None of these needs is especially surprising. "There is this sense that everyone knows what we're talking about. We're talking about a specific set of challenges in a specific set of circumstances," says Vanessa Wyeth, coeditor of "Building States to Build Peace." "They're based on a lot of experience but not a lot of specific evidence about things that we know can help support peace."

The UN Peacebuilding Commission (PBC) is setting out to build that evidence. With $155 million so far, the UN's newest office is testing theories about war, peace, and development in six African countries – Guinea, Guinea-Bissau, Liberia, and Sierra Leone, in West Africa, and Burundi and the Central African Republic (CAR) in central Africa.

"Usually people say, 'We have so many UN bodies, we have so many UN agencies in different countries – one more? What for?' " says Jorge Tagle, a counselor with the Chilean mission to the UN, which formerly chaired the PBC. But he and others think its design and membership mean this little commission could have big influence – over major UN decisions, and in the countries with which it works. [Editor's note: The original version incorrectly identified the nationality of the mission Mr. Tagle represented.]
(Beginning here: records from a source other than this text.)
lemma lmult_orthogonal_idempotents:
  fixes r s :: "'a::ring_1"
  assumes "r * r = r" "s * s = s" "r * s = 0" "s * r = 0"
    and r_X: "\<And>x. x \<in> X \<Longrightarrow> r * x \<in> X" and s_X: "\<And>x. x \<in> X \<Longrightarrow> s * x \<in> X"
    and add_X: "\<And>x y. x \<in> X \<Longrightarrow> y \<in> X \<Longrightarrow> x + y \<in> X"
  shows "{a + b | a b. a \<in> lmult r X \<and> b \<in> lmult s X} = lmult (r + s) X"
proof (intro equalityI subsetI)
  fix z assume "z \<in> {a + b | a b. a \<in> lmult r X \<and> b \<in> lmult s X}"
  then obtain x y where "x \<in> X" "y \<in> X" and z: "z = r * x + s * y"
    unfolding lmult_def by blast
  then have "r * x + s * y \<in> X" by (simp add: r_X s_X add_X)
  moreover have "z = (r + s) * (r * x + s * y)"
    using assms(1-4) by (simp add: z distrib_left distrib_right flip: mult.assoc)
  ultimately show "z \<in> lmult (r + s) X"
    unfolding lmult_def by blast
next
  fix z assume "z \<in> lmult (r + s) X"
  then obtain x where "x \<in> X" "z = r * x + s * x"
    unfolding lmult_def by (auto simp: distrib_right)
  then show "z \<in> {a + b | a b. a \<in> lmult r X \<and> b \<in> lmult s X}"
    unfolding lmult_def by blast
qed

locale eps_strongly_graded =
  fixes S :: "'g::group_add \<Rightarrow> 'a::ring_1 set" and eps :: "'g \<Rightarrow> 'a"
  assumes graded: "graded_by UNIV UNIV S" and eps_strong: "eps_strong S eps"
begin

lemma homogeneous_zero: "0 \<in> S g"
  and homogeneous_add: "x \<in> S g \<Longrightarrow> y \<in> S g \<Longrightarrow> x + y \<in> S g"
  and homogeneous_uminus: "x \<in> S g \<Longrightarrow> - x \<in> S g"
  and homogeneous_mult: "x \<in> S g \<Longrightarrow> y \<in> S h \<Longrightarrow> x * y \<in> S (g + h)"
  using graded by (auto simp: graded_by_def)

lemma homogeneous_components_unique:
  "finite F \<Longrightarrow> \<forall>g\<in>F. f g \<in> S g \<Longrightarrow> sum f F = 0 \<Longrightarrow> g \<in> F \<Longrightarrow> f g = 0"
  using graded unfolding graded_by_def by blast

lemma homogeneous_decomposition:
  obtains F f where "finite F" "\<forall>g\<in>F. f g \<in> S g" "x = sum f F"
proof -
  have "x \<in> span_of UNIV S"
    using graded by (simp add: graded_by_def)
  then show ?thesis
    using that unfolding span_of_def by blast
qed

lemma eps_in_setmult: "eps g \<in> setmult (S g) (S (- g))"
  and eps_mult_setmult: "t \<in> setmult (S g) (S (- g)) \<Longrightarrow> eps g * t = t"
  and setmult_mult_eps: "t \<in> setmult (S g) (S (- g)) \<Longrightarrow> t * eps g = t"
  and eps_mult_homogeneous: "s \<in> S g \<Longrightarrow> eps g * s = s"
  and homogeneous_mult_eps: "s \<in> S g \<Longrightarrow> s * eps (- g) = s"
  using eps_strong by (auto simp: eps_strong_def)

lemma setmult_homogeneous: "setmult (S g) (S h) \<subseteq> S (g + h)"
  by (rule setmult_subset) (simp_all add: homogeneous_zero homogeneous_add homogeneous_mult)

lemma eps_in_S0: "eps g \<in> S 0"
  using setmult_homogeneous[of g "- g"] eps_in_setmult[of g] by auto

lemma eps_idem: "eps g * eps g = eps g"
  by (rule eps_mult_setmult[OF eps_in_setmult])

lemma eps_commute_S0:
  assumes x: "x \<in> S 0" shows "x * eps g = eps g * x"
proof -
  obtain n :: nat and u v where e: "eps g = (\<Sum>i<n. u i * v i)"
    and uv: "\<forall>i<n. u i \<in> S g \<and> v i \<in> S (- g)"
    using eps_in_setmult[of g] by (rule setmultE)
  have "x * eps g = (\<Sum>i<n. (x * u i) * v i)"
    by (simp add: e sum_distrib_left mult.assoc)
  also have "\<dots> \<in> setmult (S g) (S (- g))"
    by (rule setmultI) (use uv homogeneous_mult[OF x, of _ g] in auto)
  finally have left: "eps g * (x * eps g) = x * eps g"
    by (rule eps_mult_setmult)
  have "eps g * x = (\<Sum>i<n. u i * (v i * x))"
    by (simp add: e sum_distrib_right mult.assoc)
  also have "\<dots> \<in> setmult (S g) (S (- g))"
    by (rule setmultI) (use uv homogeneous_mult[OF _ x, of _ "- g"] in auto)
  finally have right: "(eps g * x) * eps g = eps g * x"
    by (rule setmult_mult_eps)
  have "x * eps g = eps g * (x * eps g)"
    by (rule left[symmetric])
  also have "\<dots> = eps g * x * eps g"
    by (rule mult.assoc[symmetric])
  also have "\<dots> = eps g * x"
    by (rule right)
  finally show ?thesis .
qed

lemma homogeneous_mult_eps_shift:
  assumes u: "u \<in> S g" shows "u * eps h = eps (g + h) * u"
proof -
  obtain n :: nat and x y where e: "eps h = (\<Sum>i<n. x i * y i)"
    and xy: "\<forall>i<n. x i \<in> S h \<and> y i \<in> S (- h)"
    using eps_in_setmult[of h] by (rule setmultE)
  have "eps (g + h) * (u * eps h) = (\<Sum>i<n. (eps (g + h) * (u * x i)) * y i)"
    by (simp add: e sum_distrib_left mult.assoc)
  also have "\<dots> = (\<Sum>i<n. (u * x i) * y i)"
    using xy eps_mult_homogeneous[OF homogeneous_mult[OF u]] by (intro sum.cong) auto
  also have "\<dots> = u * eps h"
    by (simp add: e sum_distrib_left mult.assoc)
  finally have left: "eps (g + h) * (u * eps h) = u * eps h" .
  obtain m :: nat and a b where f: "eps (g + h) = (\<Sum>i<m. a i * b i)"
    and ab: "\<forall>i<m. a i \<in> S (g + h) \<and> b i \<in> S (- (g + h))"
    using eps_in_setmult[of "g + h"] by (rule setmultE)
  have bu: "b i * u \<in> S (- h)" if "i < m" for i
    using homogeneous_mult[of "b i" "- (g + h)" u g] ab that u by (simp add: minus_add add.assoc)
  have "eps (g + h) * u * eps h = (\<Sum>i<m. a i * ((b i * u) * eps (- (- h))))"
    by (simp add: f sum_distrib_right mult.assoc)
  also have "\<dots> = (\<Sum>i<m. a i * (b i * u))"
    using bu homogeneous_mult_eps[of _ "- h"] by (intro sum.cong) auto
  also have "\<dots> = eps (g + h) * u"
    by (simp add: f sum_distrib_right mult.assoc)
  finally show ?thesis
    using left by (metis mult.assoc)
qed

abbreviation eps_prod :: "'g list \<Rightarrow> 'a" where
  "eps_prod L \<equiv> prod_list (map eps L)"

lemma eps_prod_in_S0: "L \<noteq> [] \<Longrightarrow> eps_prod L \<in> S 0"
proof (induction L)
  case (Cons h L)
  then show ?case
    using eps_in_S0 homogeneous_mult[OF eps_in_S0, of _ 0] by (cases "L = []") auto
qed simp

lemma eps_prod_commute_S0: "x \<in> S 0 \<Longrightarrow> x * eps_prod L = eps_prod L * x"
  by (induction L) (simp_all, metis eps_commute_S0 mult.assoc)

lemma eps_prod_commute: "eps_prod L * eps_prod K = eps_prod K * eps_prod L"
  by (cases "L = []") (simp_all add: eps_prod_commute_S0 eps_prod_in_S0)

lemma eps_prod_idem: "eps_prod L * eps_prod L = eps_prod L"
proof (induction L)
  case (Cons h L)
  have "eps_prod (h # L) * eps_prod (h # L) = eps h * (eps_prod L * eps h) * eps_prod L"
    by (simp add: mult.assoc)
  also have "\<dots> = (eps h * eps h) * (eps_prod L * eps_prod L)"
    by (simp add: eps_prod_commute_S0[OF eps_in_S0, symmetric] mult.assoc)
  finally show ?case
    using Cons eps_idem by simp
qed simp

lemma eps_prod_mult_eps_mem: "h \<in> set L \<Longrightarrow> eps_prod L * eps h = eps_prod L"
  using eps_idem[of h] eps_prod_commute[of "[h]"]
  by (induction L) (auto simp: mult.assoc, metis mult.assoc)

lemma mult_eps_prod_absorb: "\<forall>h\<in>set L. x * eps h = x \<Longrightarrow> x * eps_prod L = x"
  by (induction L) (simp_all, metis mult.assoc)

lemma homogeneous_mult_eps_prod_shift:
  "u \<in> S g \<Longrightarrow> u * eps_prod L = eps_prod (map ((+) g) L) * u"
  by (induction L) (simp_all add: homogeneous_mult_eps_shift flip: mult.assoc, metis mult.assoc)

lemma eps_prod_shift_cong:
  assumes "eps_prod L = eps_prod K"
  shows "eps_prod (map ((+) h) L) * eps h = eps_prod (map ((+) h) K) * eps h"
proof -
  obtain n :: nat and x y where e: "eps h = (\<Sum>i<n. x i * y i)"
    and xy: "\<forall>i<n. x i \<in> S h \<and> y i \<in> S (- h)"
    using eps_in_setmult[of h] by (rule setmultE)
  have "eps_prod (map ((+) h) M) * eps h = (\<Sum>i<n. x i * eps_prod M * y i)" for M
    unfolding e sum_distrib_left
    by (intro sum.cong refl) (use xy homogeneous_mult_eps_prod_shift in \<open>metis mult.assoc lessThan_iff\<close>)
  then show ?thesis
    using assms by simp
qed

lemma minimal_BE_obtain:
  assumes "minimal_BE eps r"
  obtains L where "L \<noteq> []" "r = eps_prod L"
  using assms unfolding minimal_BE_def BE_star_def BE_def by blast

lemma minimal_BE_mult_eps_prod:
  assumes min: "minimal_BE eps r" and nz: "r * eps_prod K \<noteq> 0"
  shows "r * eps_prod K = r"
proof -
  obtain L where L: "L \<noteq> []" "r = eps_prod L"
    using min by (rule minimal_BE_obtain)
  have "r * eps_prod K = eps_prod (L @ K)"
    using L by simp
  then have "r * eps_prod K \<in> BE_star eps"
    using L nz unfolding BE_star_def BE_def by blast
  moreover have "BE_le (r * eps_prod K) r"
    unfolding BE_le_def L(2) using eps_prod_idem[of L] eps_prod_commute[of K L]
    by (metis mult.assoc)
  ultimately show ?thesis
    using min unfolding minimal_BE_def by blast
qed

lemma minimal_BE_mult_eps: "minimal_BE eps r \<Longrightarrow> r * eps g \<noteq> r \<Longrightarrow> r * eps g = 0"
  using minimal_BE_mult_eps_prod[of r "[g]"] by auto

lemma minimal_BE_orthogonal:
  assumes r: "minimal_BE eps r" and s: "minimal_BE eps s" and "r \<noteq> s"
  shows "r * s = 0"
proof (rule ccontr)
  assume nz: "r * s \<noteq> 0"
  obtain L where L: "r = eps_prod L"
    using r by (rule minimal_BE_obtain)
  obtain K where K: "s = eps_prod K"
    using s by (rule minimal_BE_obtain)
  have "s * r = r * s"
    unfolding L K by (rule eps_prod_commute)
  then have "r * s = r" "s * r = s"
    using minimal_BE_mult_eps_prod[OF r, of K] minimal_BE_mult_eps_prod[OF s, of L] nz L K
    by auto
  with \<open>s * r = r * s\<close> \<open>r \<noteq> s\<close> show False
    by simp
qed

lemma eps_central_mult_eps:
  "eps_central eps r \<Longrightarrow> g \<notin> Nset eps r \<Longrightarrow> r * eps g = 0"
  using minimal_BE_mult_eps unfolding eps_central_def Nset_def by blast

lemma eps_central_annihilates:
  assumes "eps_central eps r" "g \<notin> Nset eps r" "u \<in> S g"
  shows "r * u = 0"
proof -
  have "r * u = r * eps g * u"
    using eps_mult_homogeneous[OF assms(3)] by (simp add: mult.assoc)
  then show ?thesis
    using eps_central_mult_eps[OF assms(1,2)] by simp
qed

lemma eps_central_in_S0: "eps_central eps r \<Longrightarrow> r \<in> S 0"
  and eps_central_idem: "eps_central eps r \<Longrightarrow> r * r = r"
  unfolding eps_central_def
  by (auto elim!: minimal_BE_obtain simp: eps_prod_in_S0 eps_prod_idem)

text \<open>The product below lies above r because all its factors lie in the subgroup N(r), and
  below r because conjugation by eps k, well defined on products by eps_prod_shift_cong, carries
  r = r * eps_prod (-k + L @ [-k]) to it.\<close>

lemma eps_central_shift:
  assumes c: "eps_central eps r" and r: "r = eps_prod L" and k: "k \<in> Nset eps r"
  shows "eps_prod (map ((+) k) L @ [k]) = r"
proof -
  have N: "subgroup_add (Nset eps r)"
    using c unfolding eps_central_def by blast
  have "set L \<subseteq> Nset eps r"
    using eps_prod_mult_eps_mem r unfolding Nset_def by auto
  then have above: "r * eps_prod (map ((+) j) L @ [j]) = r" if "j \<in> Nset eps r" for j
    using that N unfolding subgroup_add_def
    by (intro mult_eps_prod_absorb) (auto simp: Nset_def)
  have "- k \<in> Nset eps r" "0 \<in> Nset eps r"
    using k N unfolding subgroup_add_def by auto
  then have r0: "r * eps 0 = r" and "eps_prod L = eps_prod (L @ map ((+) (- k)) L @ [- k])"
    using above[of "- k"] r unfolding Nset_def by auto
  from eps_prod_shift_cong[OF this(2), of k]
  have "eps_prod (map ((+) k) L @ [k]) = eps_prod (map ((+) k) L) * (r * eps 0) * eps k"
    by (simp add: r comp_def mult.assoc)
  also have "\<dots> = eps_prod (map ((+) k) L @ [k]) * r"
    using eps_commute_S0[OF eps_central_in_S0[OF c], of k] by (simp add: r0 mult.assoc)
  also have "\<dots> = r * eps_prod (map ((+) k) L @ [k])"
    unfolding r by (rule eps_prod_commute)
  also have "\<dots> = r"
    by (rule above[OF k])
  finally show ?thesis .
qed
That's because the PBC is something other organizations aren't allowed to be: overtly political. Schulenburg's negotiations in the midst of the Freetown riot were not just a bit of practiced conflict resolution. It is, he acknowledges, an "interference in national sovereignty."

The PBC gets that leeway because it's part of the UN, and because it's invited. Countries must ask for PBC help. In return, they get a dedicated, if unofficial, ambassador for their cause. So far, the arrangements have paired neglected countries like the CAR with power-hitters like Belgium, who advocate for their partner countries at donor round­tables and in political meetings for funding, attention, and that elusive, powerful ingredient of action – political will. In the CAR's case, donor money to the country increased more than 50 percent the year it joined the PBC.